Sebastiaan Bremer was born in Amsterdam, The Netherlands, in 1970. He attended the open studio program at the Vrije Academie in The Hague from 1989 until 1991. During his early years he meticulously reproduced personal photographs in paint. He received the Werkbeurs Grant from FBKVB in Holland and moved to New York in 1992, where he began to work primarily in black and white, reemphasizing his connection to photography. In 1994 he had his first solo show at Galerie Reisel, Holland, and began exhibiting in as well as curating group shows. He was assistant to several artists in New York, and worked on production for the photographers Inez van Lamsweerde and Vinoodh Matadin from 1996 until 2000. In 1998 he produced Liza May Post’s film and photograph ”Trying”. In that same year he attended the Skowhegan School of Painting and Sculpture in Maine, where he began experimenting with murals, collage paintings, and drawing directly on photographs, the style which he continues to use today. In 1999 he finished his first large scale ink on C-print drawing entitled 10 AM-PM. In 2001 he had his solo debut, ”Veronica”, at Roebling Hall, New York.
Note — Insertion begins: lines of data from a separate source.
(* Let $G$ be a 4-dimensional connected Lie group with a global basis $\{X_1,\dots,X_4\}$ of left invariant vector fields satisfying, for real constants $\lambda_1,\dots,\lambda_4$, $[X_1,X_2]=\lambda_1X_1+\lambda_2X_2$, $[X_1,X_3]=\lambda_3X_2-\lambda_1X_4$, $[X_1,X_4]=-\lambda_3X_1-\lambda_2X_4$, $[X_2,X_3]=\lambda_4X_2+\lambda_1X_3$, $[X_2,X_4]=-\lambda_4X_1+\lambda_2X_3$, $[X_3,X_4]=\lambda_3X_3+\lambda_4X_4$, and let $JX_1=X_3$, $JX_2=X_4$, $JX_3=-X_1$, $JX_4=-X_2$, $g(X_1,X_1)=g(X_2,X_2)=-g(X_3,X_3)=-g(X_4,X_4)=1$, $g(X_i,X_j)=0$ for $i\ne j$. Let $\nabla'$ be a natural connection on $(G,J,g)$ with totally skew-symmetric torsion tensor $T$. Then $\nabla'_{X_1}X_1=\nabla'_{X_3}X_3=-\lambda_1X_2-\lambda_3X_4$, $\nabla'_{X_2}X_2=\nabla'_{X_4}X_4=\lambda_2X_1+\lambda_4X_3$, $\nabla'_{X_1}X_2=\nabla'_{X_3}X_4=\lambda_1X_1+\lambda_3X_3$, $\nabla'_{X_1}X_3=-\nabla'_{X_3}X_1=\lambda_3X_2-\lambda_1X_4$, $\nabla'_{X_1}X_4=-\nabla'_{X_3}X_2=-\lambda_3X_1+\lambda_1X_3$, $\nabla'_{X_2}X_1=\nabla'_{X_4}X_3=-\lambda_2X_2-\lambda_4X_4$, $\nabla'_{X_2}X_3=-\nabla'_{X_4}X_1=\lambda_4X_2-\lambda_2X_4$, $\nabla'_{X_2}X_4=-\nabla'_{X_4}X_2=-\lambda_4X_1+\lambda_2X_3$, and the components $T_{ijk}=g(T(X_i,X_j),X_k)$ are all zero except those determined by total skew-symmetry from $T_{134}=\lambda_1$, $T_{234}=\lambda_2$, $T_{123}=-\lambda_3$, $T_{124}=-\lambda_4$.
   Context: A linear connection $\nabla'$ on an almost complex manifold with Norden metric $(M,J,g)$ ($J^2=-\mathrm{Id}$, $g(Jx,Jy)=-g(x,y)$) is natural if $\nabla'J=0$ and $\nabla'g=0$. Its torsion is $T(x,y)=\nabla'_xy-\nabla'_yx-[x,y]$, and $T(x,y,z)=g(T(x,y),z)$; the torsion is totally skew-symmetric if $T(x,y,z)$ is a 3-form, i.e. skew-symmetric in every pair of arguments. *)

theory Defs
  imports Complex_Main
begin

text \<open>Indices of the global left-invariant frame X1,...,X4 of the Lie group G.
  A tangent vector at a point is recorded by its coefficients w.r.t. this frame.\<close>

datatype idx = I1 | I2 | I3 | I4

type_synonym vec = "idx \<Rightarrow> real"

definition mk4 :: "real \<Rightarrow> real \<Rightarrow> real \<Rightarrow> real \<Rightarrow> vec" where
  "mk4 a b c d = (\<lambda>k. case k of I1 \<Rightarrow> a | I2 \<Rightarrow> b | I3 \<Rightarrow> c | I4 \<Rightarrow> d)"

definition X :: "idx \<Rightarrow> vec" where
  "X i = (\<lambda>k. if k = i then 1 else 0)"

definition sum4 :: "(idx \<Rightarrow> real) \<Rightarrow> real" where
  "sum4 f = f I1 + f I2 + f I3 + f I4"

definition Jv :: "vec \<Rightarrow> vec" where
  "Jv v = mk4 (- v I3) (- v I4) (v I1) (v I2)"

definition gm :: "vec \<Rightarrow> vec \<Rightarrow> real" where
  "gm v w = v I1 * w I1 + v I2 * w I2 - v I3 * w I3 - v I4 * w I4"

definition brk :: "real \<Rightarrow> real \<Rightarrow> real \<Rightarrow> real \<Rightarrow> idx \<Rightarrow> idx \<Rightarrow> vec" where
  "brk l1 l2 l3 l4 i j = (case (i, j) of
      (I1, I2) \<Rightarrow> mk4 l1 l2 0 0
    | (I2, I1) \<Rightarrow> mk4 (- l1) (- l2) 0 0
    | (I1, I3) \<Rightarrow> mk4 0 l3 0 (- l1)
    | (I3, I1) \<Rightarrow> mk4 0 (- l3) 0 l1
    | (I1, I4) \<Rightarrow> mk4 (- l3) 0 0 (- l2)
    | (I4, I1) \<Rightarrow> mk4 l3 0 0 l2
    | (I2, I3) \<Rightarrow> mk4 0 l4 l1 0
    | (I3, I2) \<Rightarrow> mk4 0 (- l4) (- l1) 0
    | (I2, I4) \<Rightarrow> mk4 (- l4) 0 l2 0
    | (I4, I2) \<Rightarrow> mk4 l4 0 (- l2) 0
    | (I3, I4) \<Rightarrow> mk4 0 0 l3 l4
    | (I4, I3) \<Rightarrow> mk4 0 0 (- l3) (- l4)
    | _ \<Rightarrow> mk4 0 0 0 0)"

text \<open>Bilinear extension of a frame-indexed bilinear operation to coefficient vectors
  (constant-coefficient combinations of the left-invariant frame).\<close>
definition bilin :: "(idx \<Rightarrow> idx \<Rightarrow> vec) \<Rightarrow> vec \<Rightarrow> vec \<Rightarrow> vec" where
  "bilin F a b = (\<lambda>k. sum4 (\<lambda>i. sum4 (\<lambda>j. a i * b j * F i j k)))"

text \<open>A linear connection is given (at each point p of G) by its values
  nab p i j = coefficients of (\<nabla>'_{X_i} X_j)(p).\<close>
definition nabv :: "('p \<Rightarrow> idx \<Rightarrow> idx \<Rightarrow> vec) \<Rightarrow> 'p \<Rightarrow> vec \<Rightarrow> vec \<Rightarrow> vec" where
  "nabv nab p a b = bilin (nab p) a b"

definition torsion :: "real \<Rightarrow> real \<Rightarrow> real \<Rightarrow> real \<Rightarrow> ('p \<Rightarrow> idx \<Rightarrow> idx \<Rightarrow> vec)
    \<Rightarrow> 'p \<Rightarrow> vec \<Rightarrow> vec \<Rightarrow> vec" where
  "torsion l1 l2 l3 l4 nab p a b =
     (\<lambda>k. nabv nab p a b k - nabv nab p b a k - bilin (brk l1 l2 l3 l4) a b k)"

definition torsion3 :: "real \<Rightarrow> real \<Rightarrow> real \<Rightarrow> real \<Rightarrow> ('p \<Rightarrow> idx \<Rightarrow> idx \<Rightarrow> vec)
    \<Rightarrow> 'p \<Rightarrow> vec \<Rightarrow> vec \<Rightarrow> vec \<Rightarrow> real" where
  "torsion3 l1 l2 l3 l4 nab p a b c = gm (torsion l1 l2 l3 l4 nab p a b) c"

text \<open>Natural connection: \<nabla>'J = 0 and \<nabla>'g = 0 (tested on constant-coefficient
  fields, which suffices since both are tensors and J, g have constant components).\<close>
definition natural_conn :: "('p \<Rightarrow> idx \<Rightarrow> idx \<Rightarrow> vec) \<Rightarrow> bool" where
  "natural_conn nab \<longleftrightarrow>
     (\<forall>p a b. nabv nab p a (Jv b) = Jv (nabv nab p a b)) \<and>
     (\<forall>p a b c. gm (nabv nab p a b) c + gm b (nabv nab p a c) = 0)"

definition totally_skew_torsion :: "real \<Rightarrow> real \<Rightarrow> real \<Rightarrow> real \<Rightarrow> ('p \<Rightarrow> idx \<Rightarrow> idx \<Rightarrow> vec) \<Rightarrow> bool" where
  "totally_skew_torsion l1 l2 l3 l4 nab \<longleftrightarrow>
     (\<forall>p a b c. torsion3 l1 l2 l3 l4 nab p a b c = - torsion3 l1 l2 l3 l4 nab p b a c \<and>
                torsion3 l1 l2 l3 l4 nab p a b c = - torsion3 l1 l2 l3 l4 nab p a c b)"

end

theory Submission
  imports Defs
begin

text \<open>For a metric connection with totally skew-symmetric torsion, the Christoffel symbols
  G(i,j,k) = g(\<nabla>'_{X_i} X_j, X_k) obey the Koszul-type formula
  2 G(i,j,k) = C(i,j,k) - C(j,k,i) + C(k,i,j) + T(i,j,k) with C(i,j,k) = g([X_i,X_j],X_k),
  so the connection is determined by the four essential torsion components.
  Compatibility with J and the Norden metric forces g(\<nabla>'_x y, J y) = 0, and four instances
  of this, e.g. G(2,1,3) = 0, fix those components.\<close>

lemma skew_torsion_connection_formula:
  fixes A C T :: "'v \<Rightarrow> 'v \<Rightarrow> 'v \<Rightarrow> real"
  assumes A_skew: "\<And>a b c. A a b c = - A a c b"
    and torsion: "\<And>a b c. T a b c = A a b c - A b a c - C a b c"
    and T_skew12: "\<And>a b c. T a b c = - T b a c"
    and T_skew23: "\<And>a b c. T a b c = - T a c b"
  shows "2 * A a b c = C a b c - C b c a + C c a b + T a b c"
proof -
  have "T b c a = T a b c" "T c a b = T a b c"
    using T_skew23[of b c a] T_skew12[of b a c] T_skew12[of c a b] T_skew23[of a b c]
    by linarith+
  then show ?thesis
    using torsion[of a b c] torsion[of b c a] torsion[of c a b]
      A_skew[of b c a] A_skew[of c a b] A_skew[of a c b] by linarith
qed

lemma skew3_repeated_zero:
  fixes T :: "'v \<Rightarrow> 'v \<Rightarrow> 'v \<Rightarrow> real"
  assumes T_skew12: "\<And>a b c. T a b c = - T b a c"
    and T_skew23: "\<And>a b c. T a b c = - T a c b"
    and "a = b \<or> b = c \<or> a = c"
  shows "T a b c = 0"
  using assms(3)
proof (elim disjE)
  assume "a = c"
  then show ?thesis using T_skew12[of a b a] T_skew23[of b a a] by simp
qed (use T_skew12[of a a c] T_skew23[of a b b] in simp_all)

lemma gm_commute: "gm v w = gm w v"
  by (simp add: gm_def mult.commute)

lemma gm_Jv_left: "gm (Jv v) w = gm v (Jv w)"
  by (simp add: gm_def Jv_def mk4_def)

lemma natural_conn_metric:
  assumes "natural_conn nab"
  shows "gm (nabv nab p a b) c = - gm (nabv nab p a c) b"
  using assms gm_commute unfolding natural_conn_def by (metis add_eq_0_iff)

lemma natural_conn_orthogonal_J:
  assumes nat: "natural_conn nab"
  shows "gm (nabv nab p a b) (Jv b) = 0"
proof -
  have "gm (nabv nab p a b) (Jv b) = gm (Jv (nabv nab p a b)) b"
    by (simp add: gm_Jv_left)
  also have "\<dots> = gm (nabv nab p a (Jv b)) b"
    using nat unfolding natural_conn_def by simp
  also have "\<dots> = - gm (nabv nab p a b) (Jv b)"
    by (rule natural_conn_metric[OF nat])
  finally show ?thesis by simp
qed

lemma torsion3_eq:
  "torsion3 l1 l2 l3 l4 nab p a b c =
     gm (nabv nab p a b) c - gm (nabv nab p b a) c - gm (bilin (brk l1 l2 l3 l4) a b) c"
  by (simp add: torsion3_def torsion_def gm_def algebra_simps)

lemma natural_skew_torsion_koszul:
  assumes nat: "natural_conn nab" and skew: "totally_skew_torsion l1 l2 l3 l4 nab"
  shows "2 * gm (nabv nab p a b) c =
      gm (bilin (brk l1 l2 l3 l4) a b) c - gm (bilin (brk l1 l2 l3 l4) b c) a
    + gm (bilin (brk l1 l2 l3 l4) c a) b + torsion3 l1 l2 l3 l4 nab p a b c"
proof (rule skew_torsion_connection_formula[where A = "\<lambda>a b c. gm (nabv nab p a b) c"])
  show "torsion3 l1 l2 l3 l4 nab p a b c = gm (nabv nab p a b) c - gm (nabv nab p b a) c
      - gm (bilin (brk l1 l2 l3 l4) a b) c" for a b c
    by (rule torsion3_eq)
qed (use skew natural_conn_metric[OF nat] in \<open>unfold totally_skew_torsion_def, blast+\<close>)

lemma nabv_frame: "nabv nab p (X i) (X j) = nab p i j"
  by (cases i; cases j) (simp_all add: nabv_def bilin_def sum4_def X_def)

lemma bilin_frame: "bilin F (X i) (X j) = F i j"
  by (cases i; cases j) (simp_all add: bilin_def sum4_def X_def)

lemma component_by_gm: "v k = gm (X k) (X k) * gm v (X k)"
  by (cases k) (simp_all add: gm_def X_def)

lemma gm_X: "gm v (X I1) = v I1" "gm v (X I2) = v I2" "gm v (X I3) = - v I3" "gm v (X I4) = - v I4"
  by (simp_all add: gm_def X_def)

lemma X_apply: "X i k = (if k = i then 1 else 0)"
  by (simp add: X_def)

lemma Jv_X: "Jv (X I1) = X I3" "Jv (X I2) = X I4"
  by (simp_all add: Jv_def X_def mk4_def fun_eq_iff split: idx.split)

lemma vec_eq_mk4_iff: "v = mk4 a b c d \<longleftrightarrow> v I1 = a \<and> v I2 = b \<and> v I3 = c \<and> v I4 = d"
  by (auto simp: mk4_def fun_eq_iff split: idx.split)

lemma frame_koszul:
  assumes "natural_conn nab" and "totally_skew_torsion l1 l2 l3 l4 nab"
  shows "2 * gm (nab p i j) (X k) =
      gm (brk l1 l2 l3 l4 i j) (X k) - gm (brk l1 l2 l3 l4 j k) (X i)
    + gm (brk l1 l2 l3 l4 k i) (X j) + torsion3 l1 l2 l3 l4 nab p (X i) (X j) (X k)"
  using natural_skew_torsion_koszul[OF assms, of p "X i" "X j" "X k"]
  by (simp add: nabv_frame bilin_frame)

lemma frame_connection_component:
  assumes "natural_conn nab" and "totally_skew_torsion l1 l2 l3 l4 nab"
  shows "nab p i j k = gm (X k) (X k) / 2 *
     (gm (brk l1 l2 l3 l4 i j) (X k) - gm (brk l1 l2 l3 l4 j k) (X i)
    + gm (brk l1 l2 l3 l4 k i) (X j) + torsion3 l1 l2 l3 l4 nab p (X i) (X j) (X k))"
  using component_by_gm[of "nab p i j" k] frame_koszul[OF assms, of p i j k] by simp

lemma frame_orthogonal_J:
  assumes "natural_conn nab"
  shows "gm (nab p i I1) (X I3) = 0" "gm (nab p i I2) (X I4) = 0"
  using natural_conn_orthogonal_J[OF assms, of p "X i" "X I1"]
    natural_conn_orthogonal_J[OF assms, of p "X i" "X I2"]
  by (simp_all add: Jv_X nabv_frame)

lemma frame_torsion_swap:
  assumes "totally_skew_torsion l1 l2 l3 l4 nab"
  shows "torsion3 l1 l2 l3 l4 nab p (X j) (X i) (X k) = - torsion3 l1 l2 l3 l4 nab p (X i) (X j) (X k)"
    and "torsion3 l1 l2 l3 l4 nab p (X i) (X k) (X j) = - torsion3 l1 l2 l3 l4 nab p (X i) (X j) (X k)"
  using assms unfolding totally_skew_torsion_def by metis+

lemma frame_torsion_repeated:
  assumes "totally_skew_torsion l1 l2 l3 l4 nab" and "i = j \<or> j = k \<or> i = k"
  shows "torsion3 l1 l2 l3 l4 nab p (X i) (X j) (X k) = 0"
  using skew3_repeated_zero[where T = "\<lambda>i j k. torsion3 l1 l2 l3 l4 nab p (X i) (X j) (X k)"]
    frame_torsion_swap[OF assms(1)] assms(2) by blast

lemma frame_torsion_values:
  assumes nat: "natural_conn nab" and skew: "totally_skew_torsion l1 l2 l3 l4 nab"
  shows "torsion3 l1 l2 l3 l4 nab p (X I1) (X I3) (X I4) = l1"
    and "torsion3 l1 l2 l3 l4 nab p (X I2) (X I3) (X I4) = l2"
    and "torsion3 l1 l2 l3 l4 nab p (X I1) (X I2) (X I3) = - l3"
    and "torsion3 l1 l2 l3 l4 nab p (X I1) (X I2) (X I4) = - l4"
proof -
  note koszul = frame_koszul[OF nat skew, of p]
  note orth = frame_orthogonal_J[OF nat, of p]
  note swap = frame_torsion_swap[OF skew, of p]
  note brk_eval = brk_def mk4_def gm_X
  show "torsion3 l1 l2 l3 l4 nab p (X I1) (X I3) (X I4) = l1"
    using koszul[of I4 I1 I3] orth(1)[of I4] swap(1)[of I4 I1 I3] swap(2)[of I1 I4 I3]
    by (simp add: brk_eval)
  show "torsion3 l1 l2 l3 l4 nab p (X I2) (X I3) (X I4) = l2"
    using koszul[of I3 I2 I4] orth(2)[of I3] swap(1)[of I3 I2 I4] by (simp add: brk_eval)
  show "torsion3 l1 l2 l3 l4 nab p (X I1) (X I2) (X I3) = - l3"
    using koszul[of I2 I1 I3] orth(1)[of I2] swap(1)[of I2 I1 I3] by (simp add: brk_eval)
  show "torsion3 l1 l2 l3 l4 nab p (X I1) (X I2) (X I4) = - l4"
    using koszul[of I1 I2 I4] orth(2)[of I1] by (simp add: brk_eval)
qed

theorem proposition3p5:
  fixes l1 l2 l3 l4 :: real and nab :: "'p \<Rightarrow> idx \<Rightarrow> idx \<Rightarrow> vec"
  assumes "natural_conn nab"
    and "totally_skew_torsion l1 l2 l3 l4 nab"
  shows "\<forall>p.
      nab p I1 I1 = mk4 0 (- l1) 0 (- l3) \<and> nab p I3 I3 = mk4 0 (- l1) 0 (- l3) \<and>
      nab p I2 I2 = mk4 l2 0 l4 0 \<and> nab p I4 I4 = mk4 l2 0 l4 0 \<and>
      nab p I1 I2 = mk4 l1 0 l3 0 \<and> nab p I3 I4 = mk4 l1 0 l3 0 \<and>
      nab p I1 I3 = mk4 0 l3 0 (- l1) \<and> nab p I3 I1 = mk4 0 (- l3) 0 l1 \<and>
      nab p I1 I4 = mk4 (- l3) 0 l1 0 \<and> nab p I3 I2 = mk4 l3 0 (- l1) 0 \<and>
      nab p I2 I1 = mk4 0 (- l2) 0 (- l4) \<and> nab p I4 I3 = mk4 0 (- l2) 0 (- l4) \<and>
      nab p I2 I3 = mk4 0 l4 0 (- l2) \<and> nab p I4 I1 = mk4 0 (- l4) 0 l2 \<and>
      nab p I2 I4 = mk4 (- l4) 0 l2 0 \<and> nab p I4 I2 = mk4 l4 0 (- l2) 0 \<and>
      torsion3 l1 l2 l3 l4 nab p (X I1) (X I3) (X I4) = l1 \<and>
      torsion3 l1 l2 l3 l4 nab p (X I2) (X I3) (X I4) = l2 \<and>
      torsion3 l1 l2 l3 l4 nab p (X I1) (X I2) (X I3) = - l3 \<and>
      torsion3 l1 l2 l3 l4 nab p (X I1) (X I2) (X I4) = - l4 \<and>
      (\<forall>i j k. (i = j \<or> j = k \<or> i = k) \<longrightarrow> torsion3 l1 l2 l3 l4 nab p (X i) (X j) (X k) = 0)"
proof -
  note swap12 = frame_torsion_swap(1)[OF assms(2)]
  note swap23 = frame_torsion_swap(2)[OF assms(2)]
  \<comment> \<open>oriented instances of skew-symmetry that sort the frame indices of T increasingly\<close>
  note sort = swap12[where i = I1 and j = I2] swap12[where i = I1 and j = I3]
    swap12[where i = I1 and j = I4] swap12[where i = I2 and j = I3]
    swap12[where i = I2 and j = I4] swap12[where i = I3 and j = I4]
    swap23[where j = I1 and k = I2] swap23[where j = I1 and k = I3]
    swap23[where j = I1 and k = I4] swap23[where j = I2 and k = I3]
    swap23[where j = I2 and k = I4] swap23[where j = I3 and k = I4]
  show ?thesis
    unfolding vec_eq_mk4_iff
    by (simp add: frame_connection_component[OF assms] frame_torsion_values[OF assms]
        frame_torsion_repeated[OF assms(2)] sort brk_def mk4_def gm_X X_apply)
qed

end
Bremer’s work is part of several important collections in the US and abroad, including the Victoria & Albert Museum, London; Museum of Modern Art, New York; Los Angeles County Museum of Art; The Zabludowicz Trust, London; The Rabobank collection, The Netherlands; AKZO Nobel collection, The Netherlands; Lodeveans Contemporary LLP, London; and the Berger Collection, Zurich. Sebastiaan Bremer’s artwork has been exhibited at the Tate Modern, London; the Brooklyn Museum of Art; The Aldrich Museum, Connecticut; MoMA PS1, New York; and at Het Gemeentemuseum, The Hague. He has had solo exhibitions at Air de Paris; Galerie Barbara Thumm, Berlin; Roebling Hall, New York; James Fuentes, New York; BravinLee Programs, New York; Hales Gallery, London; Mia Sundberg Galleri, Stockholm; Edwynn Houk Gallery, New York and Zurich; and Het Gemeentemuseum, The Hague. He was an artist in residence at Het Vijfde Seizoen in the Netherlands in 2009. Bremer has been a visiting artist and guest lecturer at Virginia Commonwealth University in Richmond, Virginia; Cooper Union, New York; The Royal Danish Academy of Fine Arts, Copenhagen; the University of Vermont; and the School of Visual Arts, New York City.